Di Pulau Kambing, ada banyak pohon ini. Salah satunya, berukuran sekitar tujuh meter dengan diameter batang hampir 30 cm. Syukurlah pohon-pohon ini dapat hidup aman di Pulau Kambing ini. Di Pulau Semau, pohon ini sudah langka karena pernah terjadi pembongkaran besar-besaran untuk dijual ke Kupang. Di kalangan pencinta olahraga bahari, perairan Pulau Kambing termasuk destinasi petualangan yang masuk “daftar harus dikunjungi”. Terumbu karangnya yang subur dan tersebar luas di perairan yang jernih adalah tempat paling diincar para penyelam dan fotografer bawah air. Sedangkan untuk para pemancing, perairan Pulau Kambing adalah habitat ikan Burugahing (Giant Trevally) atau biasa disebut juga “GT Monster”. Seorang pemancing dari sebuah program di televisi swasta bahkan menyebut Pulau Kambing sebagai “Pusat GT Monster Nasional”. Rata-rata bobot ikan GT Monster yang berhasil dipancing dengan mudah di tempat ini berukuran 35-40 kg. Big strikes!
Pulau Tabui Salah satu pulau satelit Semau yang masuk dalam TNP Laut Sawu ini, punya kesan tersendiri untuk masyarakat Semau. Pulau ini dianggap punya kekuatan mistik. Tak banyak nelayan yang mau mengantarkan pengunjung ke pulau ini. Konon, di pulau ini kita tidak boleh bersuara, baik bercakap-cakap, bernyanyi, atau bersiul. Kita juga tidak boleh mencuci alat masak di pantai, tidak boleh membunuh atau mengambil satwa yang hidup di daratan Pulau Tabui. Jika dilanggar, kita tidak akan bisa kembali ke Pulau Semau atau Pulau Timor karena bisa saja mendadak gelombang laut akan membesar sehingga kapal tak bisa melewatinya.

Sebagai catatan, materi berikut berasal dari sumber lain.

lemma expect_step_mono:
  assumes "\<And>S. S \<subseteq> V \<Longrightarrow> g S \<le> h S" "S \<subseteq> V"
  shows "expect_step g S \<le> expect_step h S"
proof -
  have "ep S u v * g (next_state S u v) \<le> ep S u v * h (next_state S u v)"
    if "u \<in> V" "v \<in> V" for u v
    using assms next_state_subset that event_prob_nonneg by (simp add: mult_left_mono)
  then show ?thesis
    using assms by (simp add: expect_step_def sum_mono)
qed

lemma expect_step_add: "expect_step (\<lambda>S. g S + h S) S = expect_step g S + expect_step h S"
  by (simp add: expect_step_def distrib_left sum.distrib)

lemma expect_step_cmult: "expect_step (\<lambda>S. c * g S) S = c * expect_step g S"
  by (simp add: expect_step_def sum_distrib_left mult_ac)

lemma expect_step_const: "expect_step (\<lambda>S. c) S = c"
  using event_prob_sum[of S] by (simp add: expect_step_def flip: sum_distrib_right)

lemma expect_step_sum:
  "finite A \<Longrightarrow> expect_step (\<lambda>S. \<Sum>k\<in>A. f k S) S = (\<Sum>k\<in>A. expect_step (f k) S)"
  by (induction A rule: finite_induct) (simp_all add: expect_step_const expect_step_add)

lemma funpow_expect_step_mono:
  "(\<And>S. S \<subseteq> V \<Longrightarrow> g S \<le> h S) \<Longrightarrow> S \<subseteq> V \<Longrightarrow> (expect_step ^^ n) g S \<le> (expect_step ^^ n) h S"
  by (induction n arbitrary: S) (simp_all add: expect_step_mono)

lemma funpow_expect_step_add:
  "(expect_step ^^ n) (\<lambda>S. g S + h S) = (\<lambda>S. (expect_step ^^ n) g S + (expect_step ^^ n) h S)"
  by (induction n) (simp_all add: expect_step_add)

lemma funpow_expect_step_const: "(expect_step ^^ n) (\<lambda>S. c) = (\<lambda>S. c)"
  by (induction n) (simp_all add: expect_step_const)

lemma funpow_expect_step_le_1:
  "(\<And>S. S \<subseteq> V \<Longrightarrow> g S \<le> 1) \<Longrightarrow> S \<subseteq> V \<Longrightarrow> (expect_step ^^ n) g S \<le> 1"
  using funpow_expect_step_mono[of g "\<lambda>S. 1" S n] by (simp add: funpow_expect_step_const)

lemma reach_within_eq_funpow:
  "reach_within p r V w n S = (expect_step ^^ n) (\<lambda>S. of_bool (S = V)) S"
proof (induction n arbitrary: S)
  case 0
  then show ?case by simp
next
  case (Suc n)
  have "reach_within p r V w n V = 1" by (cases n) auto
  then show ?case using Suc by (simp add: expect_step_def)
qed

lemma drift_potential:
  assumes "S \<subseteq> V"
  shows "drift (sum \<pi>) S
    = (\<Sum>u\<in>S. \<Sum>v\<in>V - S. ep S u v * \<pi> v) - (\<Sum>u\<in>V - S. \<Sum>v\<in>S. ep S u v * \<pi> v)"
proof -
  have "finite S" using assms finite_V finite_subset by blast
  then have "drift (sum \<pi>) S = (\<Sum>u\<in>V. \<Sum>v\<in>V.
        (if u \<in> S \<and> v \<notin> S then ep S u v * \<pi> v else 0)
      - (if u \<in> V - S \<and> v \<notin> V - S then ep S u v * \<pi> v else 0))"
    unfolding drift_def by (intro sum.cong refl) (auto simp: sum_next_state_diff)
  also have "\<dots> = (\<Sum>u\<in>S. \<Sum>v\<in>V - S. ep S u v * \<pi> v) - (\<Sum>u\<in>V - S. \<Sum>v\<in>V - (V - S). ep S u v * \<pi> v)"
    by (simp only: sum_subtractf sum_if_cut[OF finite_V assms] sum_if_cut[OF finite_V Diff_subset])
  finally show ?thesis
    using assms by (simp add: double_diff)
qed

end

locale potential_submartingale = moran_graph p r V w for p r and V :: "'v set" and w +
  fixes \<pi> :: "'v \<Rightarrow> real"
  assumes weight_pos: "\<And>x. x \<in> V \<Longrightarrow> 0 < \<pi> x"
    and weight_sum: "sum \<pi> V = 1"
    and drift_nonneg: "\<And>S. S \<subseteq> V \<Longrightarrow> S \<noteq> {} \<Longrightarrow> S \<noteq> V \<Longrightarrow> 0 \<le> drift (sum \<pi>) S"
begin

abbreviation \<Phi> :: "'v set \<Rightarrow> real" where
  "\<Phi> \<equiv> sum \<pi>"

definition transient :: "'v set \<Rightarrow> bool" where
  "transient S \<longleftrightarrow> S \<subseteq> V \<and> S \<noteq> {} \<and> S \<noteq> V"

abbreviation transient_ind :: "'v set \<Rightarrow> real" where
  "transient_ind S \<equiv> of_bool (transient S)"

definition min_variance :: real where
  "min_variance = Min (step_variance \<Phi> ` Collect transient)"

lemma potential_nonneg: "S \<subseteq> V \<Longrightarrow> 0 \<le> \<Phi> S"
  using weight_pos by (intro sum_nonneg) (auto intro: less_imp_le)

lemma potential_le_1: "S \<subseteq> V \<Longrightarrow> \<Phi> S \<le> 1"
  using weight_pos weight_sum finite_V by (metis sum_mono2 Diff_iff less_imp_le)

lemma potential_le_expect_step:
  assumes "S \<subseteq> V"
  shows "\<Phi> S \<le> expect_step \<Phi> S"
proof (cases "S = V")
  case False
  then have "0 \<le> drift \<Phi> S"
    using assms drift_nonneg by (cases "S = {}") (simp_all add: drift_empty)
  then show ?thesis using False by (simp add: expect_step_eq_add_drift)
qed (simp add: expect_step_def)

Menurut Kepala Desa Utiuhtuan Samuel Lassi dalam sebuah percakapan sambil mengudap “pop corn” jagung bunga khas Semau, “tabui” dalam bahasa Helong berarti “ubi”. Dan, memang, di pulau itu terdapat beragam jenis ubi hutan, selain santigi dan aneka pohon besar khas pulau kecil. Tabui juga memiliki banyak kolam air tawar dan payau, gua-gua karst yang berisikan kelelawar dan walet. Di pulau tersebut juga terdapat satwa liar lain seperti ular, tikus besar dan baikumang atau umang-umang kenari (Birgus latro).
“Ukuran baikumang di pulau itu besar-besar, lebih besar dari kucing dewasa,”kata Samuel Lasi menjelaskan antropoda darat terbesar di dunia yang lebih dikenal dengan sebutan ketam kenari atau kepiting kelapa di Maluku ini.
Pulau Merah
Ada lagi satu pulau kecil tak berpenghuni, luasnya tidak lebih dari dua hektar. Pulau ini berupa lahan pasir yang landai dan ditumbuhi tanaman pesisir seperti bidara laut. Namanya, Pulau Merah. Pulau ini terhubung dengan Pulau Semau melalui semacam koridor pasir yang terendam ketika air pasang. Tak ada sumber air tawar ataupun satwa yang hidup di pulau ini. Di kalangan masyarakat sekitar, pulau ini punya cerita tersendiri. Pulau ini konon tempat bertapa para swanggi.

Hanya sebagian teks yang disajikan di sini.